**INSTRUCTIONS TO FOLLOW:** Wherever "force" occurs in the entries, copy the line that holds it.

Dataset entries:

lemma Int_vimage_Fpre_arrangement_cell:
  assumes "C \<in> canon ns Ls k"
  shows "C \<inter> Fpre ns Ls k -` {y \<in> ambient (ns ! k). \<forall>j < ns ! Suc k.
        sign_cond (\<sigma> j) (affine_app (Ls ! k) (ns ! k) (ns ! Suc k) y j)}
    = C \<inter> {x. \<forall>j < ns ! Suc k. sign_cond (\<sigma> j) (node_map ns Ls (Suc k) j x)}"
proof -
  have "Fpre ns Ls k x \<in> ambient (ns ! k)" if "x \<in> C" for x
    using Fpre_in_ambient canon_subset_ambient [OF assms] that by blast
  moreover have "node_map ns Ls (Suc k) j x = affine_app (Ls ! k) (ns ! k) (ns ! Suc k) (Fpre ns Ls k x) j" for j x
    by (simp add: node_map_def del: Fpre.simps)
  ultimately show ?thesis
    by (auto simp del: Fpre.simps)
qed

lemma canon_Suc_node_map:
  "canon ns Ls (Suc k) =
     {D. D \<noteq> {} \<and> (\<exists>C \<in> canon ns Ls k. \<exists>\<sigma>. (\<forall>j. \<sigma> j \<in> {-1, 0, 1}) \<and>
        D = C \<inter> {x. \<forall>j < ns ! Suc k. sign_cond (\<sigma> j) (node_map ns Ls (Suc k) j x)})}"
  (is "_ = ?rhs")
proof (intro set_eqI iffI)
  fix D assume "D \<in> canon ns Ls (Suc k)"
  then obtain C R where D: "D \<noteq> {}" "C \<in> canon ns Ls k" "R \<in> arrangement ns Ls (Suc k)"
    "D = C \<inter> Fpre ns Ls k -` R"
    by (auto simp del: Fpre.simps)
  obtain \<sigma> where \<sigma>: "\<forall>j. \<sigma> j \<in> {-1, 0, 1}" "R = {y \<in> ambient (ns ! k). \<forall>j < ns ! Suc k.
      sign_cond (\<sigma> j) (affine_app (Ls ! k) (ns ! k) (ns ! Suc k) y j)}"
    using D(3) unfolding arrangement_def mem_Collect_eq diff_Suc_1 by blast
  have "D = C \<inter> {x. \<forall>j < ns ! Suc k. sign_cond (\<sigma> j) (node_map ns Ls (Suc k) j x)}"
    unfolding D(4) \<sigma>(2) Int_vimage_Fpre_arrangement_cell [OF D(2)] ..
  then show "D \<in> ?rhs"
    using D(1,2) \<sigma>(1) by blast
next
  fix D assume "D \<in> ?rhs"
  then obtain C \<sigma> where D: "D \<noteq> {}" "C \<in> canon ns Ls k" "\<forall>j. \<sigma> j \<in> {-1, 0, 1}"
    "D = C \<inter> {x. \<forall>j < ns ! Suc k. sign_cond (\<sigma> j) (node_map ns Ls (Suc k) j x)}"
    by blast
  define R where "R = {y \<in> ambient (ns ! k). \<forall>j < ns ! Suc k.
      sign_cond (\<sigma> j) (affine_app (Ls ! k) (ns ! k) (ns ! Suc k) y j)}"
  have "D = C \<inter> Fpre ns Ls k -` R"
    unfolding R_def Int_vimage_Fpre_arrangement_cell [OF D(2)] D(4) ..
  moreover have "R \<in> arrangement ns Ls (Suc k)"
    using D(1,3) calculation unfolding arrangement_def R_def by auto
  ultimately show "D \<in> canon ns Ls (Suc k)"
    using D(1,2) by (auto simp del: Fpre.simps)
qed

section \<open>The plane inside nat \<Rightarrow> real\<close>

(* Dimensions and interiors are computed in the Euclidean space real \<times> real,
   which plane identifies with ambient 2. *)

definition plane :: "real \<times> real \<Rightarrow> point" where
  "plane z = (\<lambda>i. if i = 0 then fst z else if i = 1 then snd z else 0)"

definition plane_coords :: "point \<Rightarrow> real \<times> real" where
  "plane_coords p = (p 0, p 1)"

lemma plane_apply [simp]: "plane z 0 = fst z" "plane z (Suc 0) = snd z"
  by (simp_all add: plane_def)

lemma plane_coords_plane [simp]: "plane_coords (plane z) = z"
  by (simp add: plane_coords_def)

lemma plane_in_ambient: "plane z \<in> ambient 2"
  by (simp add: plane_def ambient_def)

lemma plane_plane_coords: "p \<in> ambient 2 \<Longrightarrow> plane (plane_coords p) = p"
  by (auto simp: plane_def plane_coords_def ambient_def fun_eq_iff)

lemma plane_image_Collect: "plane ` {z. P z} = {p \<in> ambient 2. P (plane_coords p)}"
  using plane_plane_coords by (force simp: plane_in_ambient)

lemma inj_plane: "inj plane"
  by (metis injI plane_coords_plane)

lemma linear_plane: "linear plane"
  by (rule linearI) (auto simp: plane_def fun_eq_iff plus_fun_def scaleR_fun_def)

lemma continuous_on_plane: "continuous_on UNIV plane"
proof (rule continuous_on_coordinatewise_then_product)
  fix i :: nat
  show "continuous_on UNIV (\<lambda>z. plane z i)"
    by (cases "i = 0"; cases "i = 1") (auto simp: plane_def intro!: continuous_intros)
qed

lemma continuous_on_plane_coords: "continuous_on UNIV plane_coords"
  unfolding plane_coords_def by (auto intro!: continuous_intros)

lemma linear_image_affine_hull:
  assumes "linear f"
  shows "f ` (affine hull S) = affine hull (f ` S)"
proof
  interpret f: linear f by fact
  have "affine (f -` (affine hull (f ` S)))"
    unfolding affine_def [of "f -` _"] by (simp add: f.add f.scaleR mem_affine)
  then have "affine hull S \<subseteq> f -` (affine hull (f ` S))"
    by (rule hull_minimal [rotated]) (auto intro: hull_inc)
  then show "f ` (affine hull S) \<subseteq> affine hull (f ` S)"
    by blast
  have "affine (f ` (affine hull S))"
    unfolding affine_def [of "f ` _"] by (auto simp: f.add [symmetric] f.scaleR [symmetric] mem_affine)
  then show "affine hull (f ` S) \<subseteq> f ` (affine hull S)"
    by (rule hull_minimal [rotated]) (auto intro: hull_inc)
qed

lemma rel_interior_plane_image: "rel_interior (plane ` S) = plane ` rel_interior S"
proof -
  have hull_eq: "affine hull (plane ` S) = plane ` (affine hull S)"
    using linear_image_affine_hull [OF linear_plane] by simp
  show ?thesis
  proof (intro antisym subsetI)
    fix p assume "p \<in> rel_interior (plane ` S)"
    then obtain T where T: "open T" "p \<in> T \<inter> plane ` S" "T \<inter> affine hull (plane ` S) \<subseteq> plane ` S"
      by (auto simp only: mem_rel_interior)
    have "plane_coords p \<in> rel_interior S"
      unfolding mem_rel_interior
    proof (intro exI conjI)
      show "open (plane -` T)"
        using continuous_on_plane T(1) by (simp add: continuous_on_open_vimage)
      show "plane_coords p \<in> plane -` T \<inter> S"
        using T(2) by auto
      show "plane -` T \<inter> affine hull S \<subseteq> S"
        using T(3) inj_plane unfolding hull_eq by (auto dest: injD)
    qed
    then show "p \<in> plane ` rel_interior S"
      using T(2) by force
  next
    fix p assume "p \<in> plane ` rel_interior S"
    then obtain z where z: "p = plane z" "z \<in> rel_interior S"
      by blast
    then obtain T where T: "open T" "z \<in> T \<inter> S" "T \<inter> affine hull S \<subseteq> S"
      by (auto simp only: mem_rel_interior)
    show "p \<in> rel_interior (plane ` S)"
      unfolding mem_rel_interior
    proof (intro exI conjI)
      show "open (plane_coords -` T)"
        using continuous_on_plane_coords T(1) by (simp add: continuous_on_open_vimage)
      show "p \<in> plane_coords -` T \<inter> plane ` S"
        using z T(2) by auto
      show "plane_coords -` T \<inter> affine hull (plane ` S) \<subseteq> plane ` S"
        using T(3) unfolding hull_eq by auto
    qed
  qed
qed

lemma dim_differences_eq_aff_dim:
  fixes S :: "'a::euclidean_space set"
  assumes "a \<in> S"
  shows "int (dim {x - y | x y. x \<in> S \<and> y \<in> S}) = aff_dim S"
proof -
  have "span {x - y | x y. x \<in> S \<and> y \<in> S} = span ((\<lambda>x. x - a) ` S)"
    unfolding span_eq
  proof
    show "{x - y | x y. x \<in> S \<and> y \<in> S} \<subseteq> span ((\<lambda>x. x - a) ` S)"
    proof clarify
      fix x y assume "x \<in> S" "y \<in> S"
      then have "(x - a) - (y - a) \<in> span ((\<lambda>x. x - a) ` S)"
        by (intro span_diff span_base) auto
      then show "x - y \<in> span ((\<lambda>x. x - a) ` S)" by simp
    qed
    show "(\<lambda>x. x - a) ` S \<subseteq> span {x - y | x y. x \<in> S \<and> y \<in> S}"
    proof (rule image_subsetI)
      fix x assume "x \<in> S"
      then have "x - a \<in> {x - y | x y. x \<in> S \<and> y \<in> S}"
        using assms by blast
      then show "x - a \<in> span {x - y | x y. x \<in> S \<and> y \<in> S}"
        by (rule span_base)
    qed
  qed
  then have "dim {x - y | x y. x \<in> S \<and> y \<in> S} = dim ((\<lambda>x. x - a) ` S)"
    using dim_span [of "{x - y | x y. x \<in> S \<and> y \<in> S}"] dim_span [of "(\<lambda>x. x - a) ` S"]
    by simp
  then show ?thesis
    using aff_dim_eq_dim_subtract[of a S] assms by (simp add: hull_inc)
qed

**SOLVED PROBLEM:**
  using plane_plane_coords by (force simp: plane_in_ambient)
      using T(2) by force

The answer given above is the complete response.